# Simple Paraphrase Tool 

This is a simple tool to paraphrase text using the [__*ramsrigouthamg/t5-large-paraphraser-diverse-high-quality*__](https://huggingface.co/ramsrigouthamg/t5-large-paraphraser-diverse-high-quality) pre-trained model, provided via [huggingface](https://huggingface.co/). 



### Installing the necessary packages 

We require transformers (to communicate with huggingface) and sentencepiece, which the t5 model uses.

*Protobuf* is not a required module to install, if you're using google colab.
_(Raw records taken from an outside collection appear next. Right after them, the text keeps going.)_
lemma zero_partitioning_change:
  assumes "zero_partitioning m n v P"
    and "\<And>j. j \<in> {1..m} \<Longrightarrow> j \<notin> D \<Longrightarrow> w j = v j"
    and "int n dvd (\<Sum>j\<in>D. w j - v j)"
    and "\<And>T. T \<in> P \<Longrightarrow> D \<subseteq> T \<or> T \<inter> D = {}"
  shows "zero_partitioning m n w P"
  unfolding zero_partitioning_iff
proof (intro conjI ballI)
  show "partition_on {1..m} P" using assms(1) by (simp add: zero_partitioning_iff)
  fix T assume T: "T \<in> P"
  have "\<forall>j\<in>T - T \<inter> D. w j - v j = 0"
    using zero_partitioning_partD(1)[OF assms(1) T] assms(2) by (simp add: subset_iff)
  then have "(\<Sum>j\<in>T. w j - v j) = (\<Sum>j\<in>T \<inter> D. w j - v j)"
    using zero_partitioning_partD(2)[OF assms(1) T] by (intro sum.mono_neutral_right) auto
  then have "(\<Sum>j\<in>T. w j) = (\<Sum>j\<in>T. v j) + (\<Sum>j\<in>T \<inter> D. w j - v j)"
    by (simp add: sum_subtractf)
  moreover have "int n dvd (\<Sum>j\<in>T. v j)" using zero_partitioning_partD(3)[OF assms(1) T] .
  moreover have "T \<inter> D = D \<or> T \<inter> D = {}" using assms(4)[OF T] by blast
  ultimately show "int n dvd (\<Sum>j\<in>T. w j)" using assms(3) by auto
qed

lemma csr_vertex_sum_dvd:
  "csr_vertex m n v \<Longrightarrow> int n dvd (\<Sum>j\<in>{1..m}. v j)"
  by (simp add: csr_vertex_def dvd_eq_mod_eq_0)

lemma csr_vertex_diff_sum_dvd:
  assumes "csr_vertex m n v" "csr_vertex m n w"
  shows "int n dvd (\<Sum>j\<in>{j\<in>{1..m}. v j \<noteq> w j}. w j - v j)"
proof -
  have "(\<Sum>j\<in>{j\<in>{1..m}. v j \<noteq> w j}. w j - v j) = (\<Sum>j\<in>{1..m}. w j - v j)"
    by (rule sum.mono_neutral_left) auto
  also have "\<dots> = (\<Sum>j\<in>{1..m}. w j) - (\<Sum>j\<in>{1..m}. v j)"
    by (simp add: sum_subtractf)
  finally show ?thesis
    using csr_vertex_sum_dvd[OF assms(1)] csr_vertex_sum_dvd[OF assms(2)] by (simp add: dvd_diff)
qed

lemma zero_partitioning_adj:
  assumes "csr_adj m n v w" "zero_partitioning m n v P"
  shows "\<exists>P'. zero_partitioning m n w P' \<and> card P \<le> Suc (card P')"
proof -
  define D where "D = {j\<in>{1..m}. v j \<noteq> w j}"
  obtain i i' where D: "D = {i, i'}"
    using assms(1) unfolding csr_adj_def D_def[symmetric] card_2_iff by blast
  have part: "partition_on {1..m} P" using assms(2) by (simp add: zero_partitioning_def)
  have "i \<in> {1..m}" "i' \<in> {1..m}" using D unfolding D_def by blast+
  then obtain S S' where S: "S \<in> P" "i \<in> S" and S': "S' \<in> P" "i' \<in> S'"
    using partition_onD1[OF part] by blast
  define P' where "P' = insert (S \<union> S') (P - {S, S'})"
  have "zero_partitioning m n v P'"
    unfolding P'_def using assms(2) S(1) S'(1) by (rule zero_partitioning_merge)
  moreover have "w j = v j" if "j \<in> {1..m}" "j \<notin> D" for j
    using that unfolding D_def by simp
  moreover have "int n dvd (\<Sum>j\<in>D. w j - v j)"
    using assms(1) csr_vertex_diff_sum_dvd unfolding D_def csr_adj_def by blast
  moreover have "D \<subseteq> T \<or> T \<inter> D = {}" if "T \<in> P'" for T
  proof (cases "T = S \<union> S'")
    case False
    then have "T \<in> P" "T \<noteq> S" "T \<noteq> S'" using that unfolding P'_def by auto
    then have "T \<inter> S = {}" "T \<inter> S' = {}"
      using disjointD[OF partition_onD2[OF part]] S S' by blast+
    then show ?thesis using D S S' by blast
  qed (use D S S' in blast)
  ultimately have "zero_partitioning m n w P'" by (rule zero_partitioning_change)
  moreover have "card P \<le> Suc (card P')"
    unfolding P'_def using card_partition_merge[OF part _ S(1) S'(1)] finite_elements[OF _ part]
    by simp
  ultimately show ?thesis by blast
qed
I ran this on github codespaces, therefore protobuf was not pre-present.

In [None]:
%pip install sentencepiece 
%pip install transformers
%pip install protobuf 

In [2]:
# Import the two necessary libraries
import torch
from transformers import AutoTokenizer, AutoModelForSeq2SeqLM

### The Paraphrase Class 

In all simplicity, we're using a pre-trained model in order to rewrite phrases. 

`self.device` is set to "cuda" for gpu usage, if torch is unable to find the gpu, it uses cpu instead. 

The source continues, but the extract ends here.